К ночи, когда все готовые к отплытию пароходы были отбуксированы на рейд и надеяться стало не на что, полумертвую, с Сашенькой на окаменевших руках, ее наконец выбросило из толпы на пятачок свободного пространства.

– Боже, спаси нас, Боже! – взмолилась она, еле шевеля губами, и вдруг услышала словно в ответ:

– Ганна Карпивна!

Перед нею стояла горничная Анечка Галушко, сестра ординарца ее мужа Сидора Галушко.

– Ганна Карпивна, надоти бечь з Криму! Бечь!

Она уцепилась за обшлаг ее пальто и потащила за собой куда-то по задымленным портовым улочкам. Втолкнула в какую-то подворотню, потом они прошли каменистым двориком в хибарку с низенькой дверью.

– Сидор, бачь, це хто!

За дощатым столом при свете керосиновой лампы сидел бритоголовый мужчина и пришивал длинной толстой иглой с вдетой в нее суровой ниткой лямки к мешку.

– Барыня! Ганна Карповна, откуда вы? – Сидор вскочил с табуретки, подошел к ней и попытался взять из ее рук Сашеньку, но руки ее не разжимались…
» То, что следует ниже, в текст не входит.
(* Let $(X,d)$ be a separable geodesic Gromov-hyperbolic space with basepoint $o$, and $\mu$ a countably supported non-elementary probability measure on $\mathrm{Isom}(X)$ with finite exponential moment. Let $v(\mu)=\sup_{\xi\in\overline X^h}\mathbb E[(\sigma_0(X_1,\xi)-\ell_\mu)^2]$. For every $\epsilon>0$ there exists $b>0$ such that for every $|\lambda|<b$, every $n\in\mathbb N$ and every $x\in\overline X^h$, almost surely $$\mathbb E\big[\exp(\lambda\Delta_nM_x)\mid\mathcal F_{n-1}\big]\le\exp\Big(\frac{\lambda^2(v(\mu)+\epsilon)}{2}\Big).$$
   Context: Gromov-hyperbolic: $\exists\delta\ge0$, $(x|y)_o\ge\min\{(x|z)_o,(z|y)_o\}-\delta$ with $(x|y)_o=\frac12(d(x,o)+d(y,o)-d(x,y))$; non-elementary: the semigroup generated by $\mathrm{supp}\,\mu$ contains two loxodromic isometries with disjoint fixed point pairs on the Gromov boundary; $\kappa(g)=d(g\cdot o,o)$, finite exponential moment: $\int e^{\alpha\kappa}d\mu<\infty$ for some $\alpha>0$. $\overline X^h$ is the horofunction compactification (closure of $\{h_x:m\mapsto d(x,m)-d(x,o)\}$ among 1-Lipschitz functions vanishing at $o$, pointwise convergence), action $(g\cdot h)(m)=h(g^{-1}m)-h(g^{-1}o)$, Busemann cocycle $\sigma(g,h)=h(g^{-1}o)$. $X_i$ i.i.d. with law $\mu$, $L_n=X_n\cdots X_1$, $\mathcal F_n=\sigma(X_1,\dots,X_n)$, $\ell_\mu=\lim\kappa(L_n)/n$ a.s. $\sigma_0(g,x):=\sigma(g,x)+\psi(g\cdot x)-\psi(x)$ for a fixed bounded measurable $\psi$ (known to exist) with $\int\sigma_0(g,x)d\mu(g)=\ell_\mu$ for all $x$. $M_{x,n}=\sigma_0(L_n,x)-n\ell_\mu$ and $\Delta_nM_x=M_{x,n}-M_{x,n-1}=\sigma_0(X_n,L_{n-1}\cdot x)-\ell_\mu$. *)

theory Defs
  imports "HOL-Analysis.Analysis" "HOL-Probability.Probability"
begin

definition separable_space :: "'a::metric_space itself \<Rightarrow> bool" where
  "separable_space _ \<longleftrightarrow> (\<exists>D::'a set. countable D \<and> closure D = UNIV)"

definition geodesic_space :: "'a::metric_space itself \<Rightarrow> bool" where
  "geodesic_space _ \<longleftrightarrow> (\<forall>x y::'a. \<exists>\<gamma>::real \<Rightarrow> 'a.
      \<gamma> 0 = x \<and> \<gamma> (dist x y) = y \<and>
      (\<forall>s\<in>{0..dist x y}. \<forall>t\<in>{0..dist x y}. dist (\<gamma> s) (\<gamma> t) = \<bar>s - t\<bar>))"

definition gprod :: "'a::metric_space \<Rightarrow> 'a \<Rightarrow> 'a \<Rightarrow> real" where
  "gprod o' x y = (dist x o' + dist y o' - dist x y) / 2"

definition gromov_hyperbolic :: "'a::metric_space \<Rightarrow> bool" where
  "gromov_hyperbolic o' \<longleftrightarrow> (\<exists>\<delta>\<ge>0. \<forall>x y z.
      gprod o' x y \<ge> min (gprod o' x z) (gprod o' z y) - \<delta>)"

definition isometry :: "('a::metric_space \<Rightarrow> 'a) \<Rightarrow> bool" where
  "isometry g \<longleftrightarrow> bij g \<and> (\<forall>x y. dist (g x) (g y) = dist x y)"

definition conv_infty :: "'a::metric_space \<Rightarrow> (nat \<Rightarrow> 'a) \<Rightarrow> bool" where
  "conv_infty o' s \<longleftrightarrow> (\<forall>K. \<exists>N. \<forall>i\<ge>N. \<forall>j\<ge>N. gprod o' (s i) (s j) \<ge> K)"
lemma riccati_trapped_extension:
  fixes T e :: "real \<Rightarrow> real"
  assumes "0 < \<beta>" and e_bounds: "\<And>x. x \<in> {-1..0} \<Longrightarrow> 8 * \<beta> \<le> e x \<and> e x < 1"
    and "continuous_on {-1..0} e" "-1 < a" "a < c" "c \<le> 0"
    and T_sol: "\<And>x. x \<in> {-1<..<c} \<Longrightarrow>
        \<exists>D. (T has_real_derivative D) (at x) \<and> (1 - x^2) * D + (T x)^2 = -2 * (1 - x^2) + e x"
    and T_trapped: "\<And>x. x \<in> {a..<c} \<Longrightarrow> lower_barrier \<beta> x (T x) > 0 \<and> T x < - x"
  shows "\<exists>\<phi>. (\<forall>x\<in>{a..<c}. \<phi> x = T x) \<and>
    (\<forall>x\<in>{a..0}. \<exists>D. (\<phi> has_real_derivative D) (at x within {a..0}) \<and>
        (1 - x^2) * D + (\<phi> x)^2 = -2 * (1 - x^2) + e x) \<and> \<phi> 0 < 0"
proof -
  have "2 * \<beta> \<le> 1"
    using e_bounds[of 0] by auto
  obtain \<phi> where "\<phi> a = T a" "continuous_on {a..0} \<phi>"
    and \<phi>_sol: "\<And>x. x \<in> {a..0} \<Longrightarrow> \<exists>D. (\<phi> has_real_derivative D) (at x within {a..0}) \<and>
        (1 - x^2) * D + (\<phi> x)^2 = -2 * (1 - x^2) + e x"
    and \<phi>_trapped: "\<And>x. x \<in> {a..0} \<Longrightarrow> lower_barrier \<beta> x (\<phi> x) > 0 \<and> \<phi> x < - x"
    using riccati_trapped_solution_exists[OF \<open>0 < \<beta>\<close> e_bounds \<open>continuous_on {-1..0} e\<close> \<open>-1 < a\<close>, of "T a"]
      T_trapped[of a] assms(5,6) by auto
  have "\<forall>x\<in>{a..<c}. \<phi> x = T x"
    using riccati_trapped_solutions_agree[OF \<open>0 < \<beta>\<close> \<open>2 * \<beta> \<le> 1\<close> assms(4-6) T_sol T_trapped
        \<open>continuous_on {a..0} \<phi>\<close> \<phi>_sol \<phi>_trapped \<open>\<phi> a = T a\<close>] by blast
  moreover have "\<phi> 0 < 0"
    using \<phi>_trapped[of 0] \<open>a < c\<close> \<open>c \<le> 0\<close> by auto
  ultimately show ?thesis
    using \<phi>_sol by blast
qed
text \<open>The gcd of a period with the length is a period dividing the length, which would exhibit
  the word as a proper power.\<close>

lemma primitive_not_cyclic_period:
  assumes "primitive u" and "0 < d" "d < length u"
    and per: "\<And>j. u ! ((j + d) mod length u) = u ! (j mod length u)"
  shows False
proof -
  define g where "g = gcd d (length u)"
  have "0 < g" "g dvd length u" using \<open>0 < d\<close> by (simp_all add: g_def)
  moreover have "g < length u"
  proof -
    have "g \<le> d" unfolding g_def using \<open>0 < d\<close> by (intro gcd_le1_nat) simp
    then show ?thesis using \<open>d < length u\<close> by linarith
  qed
  moreover have "u = word_pow (take g u) (length u div g)"
    by (rule word_pow_take_cyclic_period)
      (use cyclic_period_gcd[OF per] \<open>0 < d\<close> \<open>0 < g\<close> \<open>g dvd length u\<close> in \<open>simp_all add: g_def\<close>)
  moreover have "length u div g \<ge> 2"
  proof -
    obtain q where q: "length u = g * q" using \<open>g dvd length u\<close> by blast
    then have "q \<noteq> 0" "q \<noteq> 1" using \<open>g < length u\<close> by auto
    then show ?thesis using q \<open>0 < g\<close> by simp
  qed
  ultimately show False using \<open>primitive u\<close> unfolding primitive_def by blast
qed

lemma primitive_rotate_eq_self:
  assumes "primitive u" "rotate d u = u"
  shows "d mod length u = 0"
proof (rule ccontr)
  assume "d mod length u \<noteq> 0"
  moreover have "u ! ((j + d mod length u) mod length u) = u ! (j mod length u)" for j
  proof -
    have "u ! (j mod length u) = rotate (d mod length u) u ! (j mod length u)"
      using assms(2) by (metis rotate_conv_mod)
    also have "\<dots> = u ! ((j + d mod length u) mod length u)"
      using primitive_nonempty[OF assms(1)]
      by (simp add: nth_rotate) (metis add.commute mod_add_left_eq mod_add_right_eq)
    finally show ?thesis by simp
  qed
  ultimately show False
    using primitive_not_cyclic_period[OF assms(1), of "d mod length u"]
      primitive_nonempty[OF assms(1)] by simp
qed

lemma primitive_rotate_eq_iff:
  assumes "primitive u"
  shows "rotate a u = rotate b u \<longleftrightarrow> a mod length u = b mod length u"
proof
  define m where "m = length u"
  have "m > 0" using primitive_nonempty[OF assms] by (simp add: m_def)
  have one_sided: "a mod m = b mod m" if eq: "rotate a u = rotate b u" and le: "a mod m \<le> b mod m"
    for a b
  proof -
    have "rotate (m - b mod m + a mod m) u = rotate (m - b mod m) (rotate (a mod m) u)"
      by (simp add: rotate_rotate)
    also have "\<dots> = rotate (m - b mod m) (rotate (b mod m) u)"
      using eq by (metis m_def rotate_conv_mod)
    also have "\<dots> = u"
      using \<open>m > 0\<close> by (simp add: rotate_rotate m_def less_imp_le)
    finally have "(m - b mod m + a mod m) mod m = 0"
      unfolding m_def by (rule primitive_rotate_eq_self[OF assms])
    moreover have "0 < m - b mod m + a mod m" "m - b mod m + a mod m \<le> m"
      using mod_less_divisor[OF \<open>m > 0\<close>, of b] le by linarith+
    ultimately have "m - b mod m + a mod m = m"
      by (metis le_neq_implies_less mod_less neq0_conv)
    then show ?thesis using \<open>m > 0\<close> le by (simp add: less_imp_le)
  qed
  assume "rotate a u = rotate b u"
  then show "a mod length u = b mod length u"
    using one_sided[of a b] one_sided[of b a] unfolding m_def by (metis nat_le_linear)
qed (metis rotate_conv_mod)

section \<open>Cyclic factors and the syntactic congruence of \<open>u\<^sup>+\<close>\<close>

definition cyclic_factor_at :: "'a list \<Rightarrow> nat \<Rightarrow> 'a list \<Rightarrow> bool" where
  "cyclic_factor_at u c x \<longleftrightarrow> (\<forall>i<length x. x ! i = u ! ((c + i) mod length u))"

lemma cyclic_factor_at_Nil [simp]: "cyclic_factor_at u c []"
  by (simp add: cyclic_factor_at_def)
(* Let $\chi$ be a Dirichlet character, $r\ge1$ an integer and $N,w$ positive integers. Put \[C_\chi(N,w,r)=\sum_{\substack{v\ge1\\ N\mid v}}\frac{h_\chi(v)}{\varphi(vw)v^r}.\] Then $C_\chi(N,w,r)=c_\chi(N,w,r)B_\chi(r)$, where \[c_\chi(N,w,r)=\frac{h_\chi(N)\kappa(Nw)}{N^{r+1}w}\prod_{p\mid N}\frac{p^{r+1}}{p^{r+2}-p^{r+1}-p+\chi(p)}\prod_{\substack{p\nmid N\\ p\mid w}}\frac{p^{r+1}-1}{p^{r+2}-p^{r+1}-p+\chi(p)}\] and \[B_\chi(r)=\prod_p\left(1+\frac{p(\chi(p)-1)}{(p-1)(p^{r+1}-\chi(p))}\right),\] $p$ running over rational primes. In particular $C_\chi(1,1,r)=\sum_{v\ge1}\frac{h_\chi(v)}{\varphi(v)v^r}=B_\chi(r)$.
   Context: For a Dirichlet character $\chi$, $h_\chi=\mu*\chi$, i.e. $h_\chi(n)=\sum_{e\mid n}\mu(e)\chi(n/e)$. $\kappa(n)=\prod_{p\mid n}p$ is the squarefree kernel of $n$. $\varphi$ is Euler's totient function. *)

theory Defs
  imports "HOL-Analysis.Analysis" "HOL-Number_Theory.Number_Theory"
    "HOL-Computational_Algebra.Squarefree"
begin

definition dirichlet_character :: "nat \<Rightarrow> (nat \<Rightarrow> complex) \<Rightarrow> bool" where
  "dirichlet_character m chi \<longleftrightarrow> m > 0 \<and>
     (\<forall>a b. chi (a * b) = chi a * chi b) \<and>
     (\<forall>a. chi (a + m) = chi a) \<and>
     (\<forall>a. chi a \<noteq> 0 \<longleftrightarrow> coprime a m)"

definition moebius :: "nat \<Rightarrow> int" where
  "moebius n = (if n = 0 \<or> \<not> squarefree n then 0 else (-1) ^ card (prime_factors n))"

definition h_chi :: "(nat \<Rightarrow> complex) \<Rightarrow> nat \<Rightarrow> complex" where
  "h_chi chi n = (\<Sum>e | e dvd n. of_int (moebius e) * chi (n div e))"

definition kappa :: "nat \<Rightarrow> nat" where
  "kappa n = (\<Prod>p\<in>prime_factors n. p)"

definition C_chi :: "(nat \<Rightarrow> complex) \<Rightarrow> nat \<Rightarrow> nat \<Rightarrow> nat \<Rightarrow> complex" where
  "C_chi chi N w r = infsum (\<lambda>v. h_chi chi v / (of_nat (totient (v * w)) * of_nat v ^ r))
                      {v. v \<ge> 1 \<and> N dvd v}"

definition B_factor :: "(nat \<Rightarrow> complex) \<Rightarrow> nat \<Rightarrow> nat \<Rightarrow> complex" where
  "B_factor chi r p = 1 + of_nat p * (chi p - 1) /
        ((of_nat p - 1) * (of_nat p ^ (r + 1) - chi p))"

definition c_chi :: "(nat \<Rightarrow> complex) \<Rightarrow> nat \<Rightarrow> nat \<Rightarrow> nat \<Rightarrow> complex" where
  "c_chi chi N w r =
     h_chi chi N * of_nat (kappa (N * w)) / (of_nat N ^ (r + 1) * of_nat w) *
     (\<Prod>p\<in>prime_factors N. of_nat p ^ (r + 1) /
        (of_nat p ^ (r + 2) - of_nat p ^ (r + 1) - of_nat p + chi p)) *
     (\<Prod>p\<in>prime_factors w - prime_factors N. (of_nat p ^ (r + 1) - 1) /
        (of_nat p ^ (r + 2) - of_nat p ^ (r + 1) - of_nat p + chi p))"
В ту же ночь Сидор постриг Анну Карповну и свою сестру Анечку наголо, переодел их в теплое рванье и переобул в добротные кожаные ботинки, оставшиеся в городе от французского десанта. Он также сделал для всех заплечные мешки. Для себя с сестрой под продукты и всего прочего, а для Анны Карповны такой мешок, чтобы она могла нести в нем за спиной укутанную в лохмотья Сашеньку. Сидор был человек в высшей степени умелый, не зря его так ценил адмирал.

Обогнув Северную бухту, они ушли в Мекензиевы горы в надежде пробиться на Керченский полуостров.

Никогда не рассказывала Анна Карповна Сашеньке ни об этом опасном путешествии, ни о Сидоре, который дал им свою фамилию. Не успела рассказать доченьке, все откладывала…

"Вот приедет Сашуля с фронта, тогда и расскажу ей все подробно. И зачем нас Сидор остриг наголо. И зачем лохмотья. И как вообще дело было, – рассматривая в который раз фотографию Сашеньки и Адама, думала Анна Карповна. – Все расскажу, я ведь сейчас даже лучше помню, чем по горячим следам, лучше помню, лучше понимаю. Все расскажу не спеша, и как мы бежали, как прятались и мерзли в горах, как Сидору пришлось отстреливаться от грабителей, и еще много чего… Расскажу вам все как на духу, пани Раевска, все до капельки…"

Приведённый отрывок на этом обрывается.